In the opening arc of "Incredible Hercules," which wrapped up with this month's issue #115, Herc's sister, Athena, warned him that the choices his friend, teenage genius Amadeus Cho, was about to make could turn the youth into a villain. When Cho's anger at S.H.I.E.L.D. lead him to implement a plan to destroy the spy agency, Herc saw his sister was right. The Greek Goliath was able to talk his young friend into abandoning his scheme at the last minute, but that doesn't mean Cho's struggle is over.
"When we're good, and when good friends help us, we're able to overcome our own personal demons. But actually slaying those demons can be another thing all together," Greg Pak told CBR News. "Only time will tell how much Amadeus -- and Herc himself -- have really learned and how they'll react when the next provocation or temptation comes down the line."

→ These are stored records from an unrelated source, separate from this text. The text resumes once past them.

lemma disc_cost_selected_coupling_le:
  fixes D :: "nat \<Rightarrow> nat \<Rightarrow> real"
  assumes \<theta>: "disc_coupling \<theta> p q" and \<delta>: "0 < \<delta>" and M: "0 \<le> M"
  shows "disc_cost (\<lambda>k l. min (D k l) M) (selected_coupling (\<lambda>k l. min (D k l) M) \<delta> p q)
           \<le> disc_cost (\<lambda>k l. min (D k l) M) \<theta> + ennreal (2 * \<delta>)"
proof -
  define c where "c j = disc_cost (\<lambda>k l. min (D k l) M) (completed_coupling (from_nat j) p q)" for j
  define V where "V = (INF j. c j)"
  have "V \<le> c 0" unfolding V_def by (rule INF_lower) simp
  also have "c 0 \<le> ennreal M"
    unfolding c_def by (rule disc_cost_le_bound[OF disc_coupling_completed_coupling[OF p1 q1] p1]) simp
  finally have "V \<noteq> \<top>" by (auto simp: top_unique)
  then have "V < V + ennreal \<delta>" using \<delta> by (simp add: ennreal_add_left_cancel_less[of V 0, simplified])
  then have "\<exists>j. c j \<le> V + ennreal \<delta>" unfolding V_def by (auto simp: INF_less_iff intro: less_imp_le)
  then have selected: "disc_cost (\<lambda>k l. min (D k l) M) (selected_coupling (\<lambda>k l. min (D k l) M) \<delta> p q)
      \<le> V + ennreal \<delta>"
    unfolding selected_coupling_def c_def[symmetric] V_def[symmetric] by (rule LeastI_ex)
  obtain a where a: "disc_cost (\<lambda>k l. min (D k l) M) (completed_coupling a p q)
      \<le> disc_cost (\<lambda>k l. min (D k l) M) \<theta> + ennreal \<delta>"
    using completed_coupling_dense[OF \<theta> p1 q1 \<delta> M] by blast
  have "V \<le> c (to_nat a)" unfolding V_def by (rule INF_lower) simp
  then have "V \<le> disc_cost (\<lambda>k l. min (D k l) M) \<theta> + ennreal \<delta>" using a by (simp add: c_def)
  with selected have "disc_cost (\<lambda>k l. min (D k l) M) (selected_coupling (\<lambda>k l. min (D k l) M) \<delta> p q)
      \<le> disc_cost (\<lambda>k l. min (D k l) M) \<theta> + ennreal \<delta> + ennreal \<delta>"
    by (meson add_right_mono order_trans)
  also have "\<dots> = disc_cost (\<lambda>k l. min (D k l) M) \<theta> + ennreal (2 * \<delta>)"
    using \<delta> by (simp add: add.assoc ennreal_plus[symmetric])
  finally show ?thesis .
qed

end

context cell_partition
begin

lemma disc_cost_selected_coupling_le_wasserstein1:
  assumes P: "prob_space P" "sets P = sets borel" and Q: "prob_space Q" "sets Q = sets borel"
    and \<delta>: "0 < \<delta>"
  shows "disc_cost (\<lambda>k l. min (dist (c k) (c l)) (real M))
      (selected_coupling (\<lambda>k l. min (dist (c k) (c l)) (real M)) \<delta>
         (\<lambda>k. emeasure P (cell c e k)) (\<lambda>l. emeasure Q (cell c e l)))
    \<le> wasserstein1 P Q + ennreal (2 * e + 2 * \<delta>)"
  unfolding wasserstein1_def
proof (rule le_INF_plus_ennreal)
  fix R assume R: "R \<in> couplings P Q"
  let ?\<theta> = "\<lambda>k l. emeasure R (cell c e k \<times> cell c e l)"
  have "disc_cost (\<lambda>k l. min (dist (c k) (c l)) (real M))
      (selected_coupling (\<lambda>k l. min (dist (c k) (c l)) (real M)) \<delta>
         (\<lambda>k. emeasure P (cell c e k)) (\<lambda>l. emeasure Q (cell c e l)))
    \<le> disc_cost (\<lambda>k l. min (dist (c k) (c l)) (real M)) ?\<theta> + ennreal (2 * \<delta>)"
    by (rule disc_cost_selected_coupling_le[OF suminf_emeasure_cell[OF P] suminf_emeasure_cell[OF Q]
          disc_coupling_cell_masses[OF R] \<delta>]) simp
  also have "disc_cost (\<lambda>k l. min (dist (c k) (c l)) (real M)) ?\<theta> \<le> disc_cost (\<lambda>k l. dist (c k) (c l)) ?\<theta>"
    by (rule disc_cost_mono_cost) simp
  also have "\<dots> \<le> (\<integral>\<^sup>+ xy. ennreal (dist (fst xy) (snd xy)) \<partial>R) + ennreal (2 * e)"
    by (rule disc_cost_cell_masses_le[OF R])
  finally show "disc_cost (\<lambda>k l. min (dist (c k) (c l)) (real M))
      (selected_coupling (\<lambda>k l. min (dist (c k) (c l)) (real M)) \<delta>
         (\<lambda>k. emeasure P (cell c e k)) (\<lambda>l. emeasure Q (cell c e l)))
    \<le> (\<integral>\<^sup>+ xy. ennreal (dist (fst xy) (snd xy)) \<partial>R) + ennreal (2 * e + 2 * \<delta>)"
    using e_pos \<delta> by (simp add: ennreal_plus add.assoc)
qed

lemma wasserstein1_bind_le_nn_integral:
  fixes P Q :: "'x \<Rightarrow> 'w measure" and \<theta> :: "nat \<Rightarrow> 'x \<Rightarrow> nat \<Rightarrow> nat \<Rightarrow> ennreal"
  assumes P: "P \<in> X \<rightarrow>\<^sub>M prob_algebra borel" and Q: "Q \<in> X \<rightarrow>\<^sub>M prob_algebra borel"
    and \<mu>: "\<mu> \<in> space (prob_algebra X)"
    and \<theta>: "\<And>M x. x \<in> space X \<Longrightarrow>
      disc_coupling (\<theta> M x) (\<lambda>k. emeasure (P x) (cell c e k)) (\<lambda>l. emeasure (Q x) (cell c e l))"
    and \<theta>_meas: "\<And>M k l. (\<lambda>x. \<theta> M x k l) \<in> borel_measurable X"
    and cost: "\<And>M x. x \<in> space X \<Longrightarrow> disc_cost (\<lambda>k l. min (dist (c k) (c l)) (real M)) (\<theta> M x) \<le> C x"
  shows "wasserstein1 (bind \<mu> P) (bind \<mu> Q) \<le> (\<integral>\<^sup>+ x. C x \<partial>\<mu>) + ennreal (2 * e)"
proof -
  have sets_\<mu>: "sets \<mu> = sets X" and "prob_space \<mu>" using \<mu> by (auto simp: space_prob_algebra)
  have space_\<mu>: "space \<mu> = space X" using sets_eq_imp_space_eq[OF sets_\<mu>] .
  have \<theta>_meas_\<mu>[measurable]: "(\<lambda>x. \<theta> M x k l) \<in> borel_measurable \<mu>" for M k l
    using \<theta>_meas measurable_cong_sets[OF sets_\<mu> refl] by blast
  have bind_P: "prob_space (bind \<mu> P)" "sets (bind \<mu> P) = sets borel"
    using prob_space_bind'[OF \<mu> P] sets_bind'[OF \<mu> P] by auto
  have bind_Q: "prob_space (bind \<mu> Q)" "sets (bind \<mu> Q) = sets borel"
    using prob_space_bind'[OF \<mu> Q] sets_bind'[OF \<mu> Q] by auto
  define \<theta>\<mu> where "\<theta>\<mu> M k l = (\<integral>\<^sup>+ x. \<theta> M x k l \<partial>\<mu>)" for M k l
  have "disc_coupling (\<theta>\<mu> M) (\<lambda>k. emeasure (bind \<mu> P) (cell c e k)) (\<lambda>l. emeasure (bind \<mu> Q) (cell c e l))"
    for M
    unfolding \<theta>\<mu>_def emeasure_bind_prob_algebra[OF \<mu> P cell_borel] emeasure_bind_prob_algebra[OF \<mu> Q cell_borel]
    by (rule disc_coupling_nn_integral) (auto simp: space_\<mu> \<theta>)
  moreover have "disc_cost (\<lambda>k l. min (dist (c k) (c l)) (real M)) (\<theta>\<mu> M) \<le> (\<integral>\<^sup>+ x. C x \<partial>\<mu>)" for M
    unfolding \<theta>\<mu>_def disc_cost_nn_integral[OF \<theta>_meas_\<mu>]
    by (intro nn_integral_mono) (simp add: space_\<mu> cost)
  ultimately obtain \<theta>' where
    "disc_coupling \<theta>' (\<lambda>k. emeasure (bind \<mu> P) (cell c e k)) (\<lambda>l. emeasure (bind \<mu> Q) (cell c e l))"
    "disc_cost (\<lambda>k l. dist (c k) (c l)) \<theta>' \<le> (\<integral>\<^sup>+ x. C x \<partial>\<mu>)"
    using disc_coupling_limit_of_truncated suminf_emeasure_cell[OF bind_P] suminf_emeasure_cell[OF bind_Q]
    by metis
  then show ?thesis
    using wasserstein1_le_disc_cost[OF bind_P bind_Q] by (meson add_right_mono order_trans)
qed

end

(* C is a measurable stand-in for x \<mapsto> wasserstein1 (P x) (Q x), whose measurability
   in x is not established. *)
lemma wasserstein1_bind_le:
  fixes P Q :: "'x \<Rightarrow> 'w::polish_space measure"
  assumes P: "P \<in> X \<rightarrow>\<^sub>M prob_algebra borel" and Q: "Q \<in> X \<rightarrow>\<^sub>M prob_algebra borel" and \<epsilon>: "0 < \<epsilon>"
  obtains C where "C \<in> borel_measurable X"
    and "\<And>x. x \<in> space X \<Longrightarrow> C x \<le> wasserstein1 (P x) (Q x) + ennreal \<epsilon>"
    and "\<And>\<mu>. \<mu> \<in> space (prob_algebra X) \<Longrightarrow>
           wasserstein1 (bind \<mu> P) (bind \<mu> Q) \<le> (\<integral>\<^sup>+ x. C x \<partial>\<mu>) + ennreal \<epsilon>"
proof -
  obtain c :: "nat \<Rightarrow> 'w" where c: "\<And>x e. 0 < e \<Longrightarrow> \<exists>k. dist (c k) x < e"
    using ex_dense_sequence[where 'a='w] by blast
  define e where "e = \<epsilon> / 4"
  interpret cell_partition c e
    by unfold_locales (rule c, use \<epsilon> in \<open>simp add: e_def\<close>)
  define p where "p x k = emeasure (P x) (cell c e k)" for x k
  define q where "q x l = emeasure (Q x) (cell c e l)" for x l
  define \<theta> where "\<theta> M x = selected_coupling (\<lambda>k l. min (dist (c k) (c l)) (real M)) e (p x) (q x)"
    for M :: nat and x
  define C where "C x = (SUP M. disc_cost (\<lambda>k l. min (dist (c k) (c l)) (real M)) (\<theta> M x))" for x
  have [measurable]: "(\<lambda>x. p x k) \<in> borel_measurable X" "(\<lambda>x. q x k) \<in> borel_measurable X" for k
    unfolding p_def q_def
    using measurable_emeasure_kernel[OF measurable_prob_algebraD[OF P]]
      measurable_emeasure_kernel[OF measurable_prob_algebraD[OF Q]] by auto
  have \<theta>_meas[measurable]: "(\<lambda>x. \<theta> M x k l) \<in> borel_measurable X" for M k l
    unfolding \<theta>_def by measurable
  have e_sum: "2 * e + 2 * e = \<epsilon>" "2 * e \<le> \<epsilon>" using \<epsilon> by (auto simp: e_def)
  show ?thesis
  proof (rule that)
    show "C \<in> borel_measurable X" unfolding C_def disc_cost_def by measurable
  next
    fix x assume x: "x \<in> space X"
    show "C x \<le> wasserstein1 (P x) (Q x) + ennreal \<epsilon>"
      unfolding C_def
    proof (rule SUP_least)
      show "disc_cost (\<lambda>k l. min (dist (c k) (c l)) (real M)) (\<theta> M x) \<le> wasserstein1 (P x) (Q x) + ennreal \<epsilon>"
        for M
        using disc_cost_selected_coupling_le_wasserstein1[OF prob_kernelD[OF P x] prob_kernelD[OF Q x] e_pos, of M]
        unfolding \<theta>_def p_def q_def e_sum(1) .
    qed
  next
    fix \<mu> assume \<mu>: "\<mu> \<in> space (prob_algebra X)"
    have "wasserstein1 (bind \<mu> P) (bind \<mu> Q) \<le> (\<integral>\<^sup>+ x. C x \<partial>\<mu>) + ennreal (2 * e)"
    proof (rule wasserstein1_bind_le_nn_integral[OF P Q \<mu> _ \<theta>_meas])
      show "disc_coupling (\<theta> M x) (\<lambda>k. emeasure (P x) (cell c e k)) (\<lambda>l. emeasure (Q x) (cell c e l))"
        if "x \<in> space X" for M x
        unfolding \<theta>_def p_def q_def
        by (rule disc_coupling_selected_coupling)
           (use suminf_emeasure_cell prob_kernelD[OF P that] prob_kernelD[OF Q that] in auto)
      show "disc_cost (\<lambda>k l. min (dist (c k) (c l)) (real M)) (\<theta> M x) \<le> C x" for M x
        unfolding C_def by (rule SUP_upper) simp
    qed
    also have "\<dots> \<le> (\<integral>\<^sup>+ x. C x \<partial>\<mu>) + ennreal \<epsilon>"
      using e_sum by (intro add_left_mono ennreal_leI) auto
    finally show "wasserstein1 (bind \<mu> P) (bind \<mu> Q) \<le> (\<integral>\<^sup>+ x. C x \<partial>\<mu>) + ennreal \<epsilon>" .
  qed
qed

Herc also had to confront his brother Ares, the god of war, who was using his Mighty Avengers membership to make the Greek Goliath's life miserable. In a climatic confrontation in issue #115, Ares revealed the reason for his hatred and jealousy of Hercules. Ares could not understand why people would worship a flawed god like Hercules instead of him. Before Hercules K.O.'d Ares he explained to his brother the reason humanity loves Hercules is because they can identify more with a flawed god than a seemingly perfect one. Whether or not Herc's words had any affect on his brother remains to be seen.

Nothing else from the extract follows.